Showing posts with label Postmodernism. Show all posts
Showing posts with label Postmodernism. Show all posts

Friday, October 10, 2008

Gibson-Graham: The End of Capitalism (as we knew it)

Gibson-Graham, J., The end of capitalism (as we knew it), Blackwell Publishers.

Gibson and Graham provide a post-structural, feminist critique of orthodox Marxism. They conclude that Marxists have actually hurt their chances of overthrowing capitalism because they have engaged in a discourse that allows capitalism to be something larger, stronger and more intimidating that it actually is. The capitalist beast is not as imposing a beast as Marxism has painted it out to be. “Marxism has produced a discourse of Capitalism that ostensibly delineates as object of transformative class politics but that operates more powerfully to discourage and marginalize projects of class transformation…Marxism has contributed to the socialist absence through the very way in which it has theorized the capitalist presence” (Gibson and Graham 1997:252) Gibson and Graham provide a scathing critique of Marxist interpretation of globalization. These two authors fall into the Held and McGrew globalization skeptics position as they do not believe that the “penetration” or “immanent penetration” of capital into every corner of the earth is a reality, or that if such a reality did start to occur, that it could not be stopped.

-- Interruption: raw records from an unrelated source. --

lemma eventually_LB_iff_frac_frakF_inv:
  assumes b: "fib_admissible b" "b \<noteq> []" "hd b = 1" "length b = s" and "0 < \<epsilon>"
  defines "\<alpha> \<equiv> log phi (dotw b)" and "\<gamma> \<equiv> log phi (dotw b + block_gap b)"
  shows "\<forall>\<^sub>F m in at_top.
    (LB s m = Some b \<longrightarrow> \<alpha> - \<epsilon> \<le> frac (frakF_inv (real m)) \<and> frac (frakF_inv (real m)) \<le> \<gamma> + \<epsilon>) \<and>
    (\<alpha> + \<epsilon> \<le> frac (frakF_inv (real m)) \<and> frac (frakF_inv (real m)) \<le> \<gamma> - \<epsilon> \<longrightarrow> LB s m = Some b)"
proof -
  define D g where "D = dotw b" and "g = block_gap b"
  have "0 < D" "0 < D + g"
    unfolding D_def g_def using one_le_dotw[OF b(2,3)] block_gap_pos[of b] by simp_all
  then obtain \<delta> where "0 < \<delta>"
    and outer: "\<And>v. 0 < v \<Longrightarrow> D - \<delta> \<le> v \<Longrightarrow> v \<le> D + g + \<delta> \<Longrightarrow>
      \<alpha> - \<epsilon> \<le> log phi v \<and> log phi v \<le> \<gamma> + \<epsilon>"
    and inner: "\<And>v. 0 < v \<Longrightarrow> \<alpha> + \<epsilon> \<le> log phi v \<Longrightarrow> log phi v \<le> \<gamma> - \<epsilon> \<Longrightarrow>
      D + \<delta> \<le> v \<and> v \<le> D + g - \<delta>"
    unfolding \<alpha>_def \<gamma>_def D_def g_def
    using log_interval_margin[OF phi_gt_1 _ _ \<open>0 < \<epsilon>\<close>] by metis
  obtain N where N: "4 / \<delta> < phi ^ N"
    using real_arch_pow[OF phi_gt_1] by blast
  have "\<forall>\<^sub>F m in at_top. max s N \<le> length (zeck m)"
    using filterlim_length_zeck unfolding filterlim_at_top by blast
  with eventually_gt_at_top[of 0] have "\<forall>\<^sub>F m in at_top. 0 < m \<and> max s N \<le> length (zeck m)"
    by (rule eventually_conj)
  then show ?thesis
  proof (rule eventually_mono)
    fix m :: nat
    assume m: "0 < m \<and> max s N \<le> length (zeck m)"
    define u where "u = frac (frakF_inv (real m))"
    define P where "P = phi ^ Suc (length (zeck m))"
    have "0 < P" "phi ^ N \<le> P"
      unfolding P_def using m phi_gt_1 by (simp, intro power_increasing) auto
    have "4 < \<delta> * phi ^ N"
      using N \<open>0 < \<delta>\<close> by (simp add: divide_less_eq mult.commute)
    also have "\<dots> \<le> \<delta> * P"
      using \<open>phi ^ N \<le> P\<close> \<open>0 < \<delta>\<close> by simp
    finally have "4 / P \<le> \<delta>"
      using \<open>0 < P\<close> by (simp add: divide_le_eq mult.commute)
    have V: "0 < phi powr u" "log phi (phi powr u) = u"
      using phi_gt_1 by simp_all
    note approx = LB_eq_Some_approx[OF b, of m, folded u_def D_def g_def P_def]
    show "(LB s m = Some b \<longrightarrow> \<alpha> - \<epsilon> \<le> u \<and> u \<le> \<gamma> + \<epsilon>) \<and>
      (\<alpha> + \<epsilon> \<le> u \<and> u \<le> \<gamma> - \<epsilon> \<longrightarrow> LB s m = Some b)"
    proof (rule conjI; rule impI)
      assume "LB s m = Some b"
      then have "D - \<delta> \<le> phi powr u" "phi powr u \<le> D + g + \<delta>"
        using approx(1) m \<open>4 / P \<le> \<delta>\<close> by auto
      then show "\<alpha> - \<epsilon> \<le> u \<and> u \<le> \<gamma> + \<epsilon>"
        using outer[OF V(1)] unfolding V(2) by blast
    next
      assume "\<alpha> + \<epsilon> \<le> u \<and> u \<le> \<gamma> - \<epsilon>"
      then have "D + \<delta> \<le> phi powr u" "phi powr u \<le> D + g - \<delta>"
        using inner[OF V(1)] unfolding V(2) by blast+
      then show "LB s m = Some b"
        using approx(2) m \<open>4 / P \<le> \<delta>\<close> by auto
    qed
  qed
qed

They compare the “rape-script” with the “globalization-script” in one of their more striking passages. The “rape-script” allows all of us to see women as being rape-able and men as being possible rapists. Gibson and Graham take parts of the rape-script from Sharon Marcus where she, “challenges the inevitability of the claim that rape is one of the ‘real, clear facts of women’s lives’” (Gibson Graham 1997:121). We, by extension, are to challenge the reality that globalization/capitalism is one of the real, clear facts about the existence of citizens throughout the world.

This understanding of how the discourse surrounding rape has reinforced the idea that women are rape-able, open and vulnerable while men are hard, strong and potential violators helped to shape Gibson and Graham’s ideas surrounding globalization. The penetrating power of globalization has become, in many circles, an inevitability. Global capital will permeate and enter into any of the open, vulnerable developing countries. This has created a discourse that speaks us and shapes us; the globalization-script, and the eventualities it implies, may not be a reality. We are asked by the authors to reevaluate the potential for community based exchange that do not reinforce the dominant, globalization-script.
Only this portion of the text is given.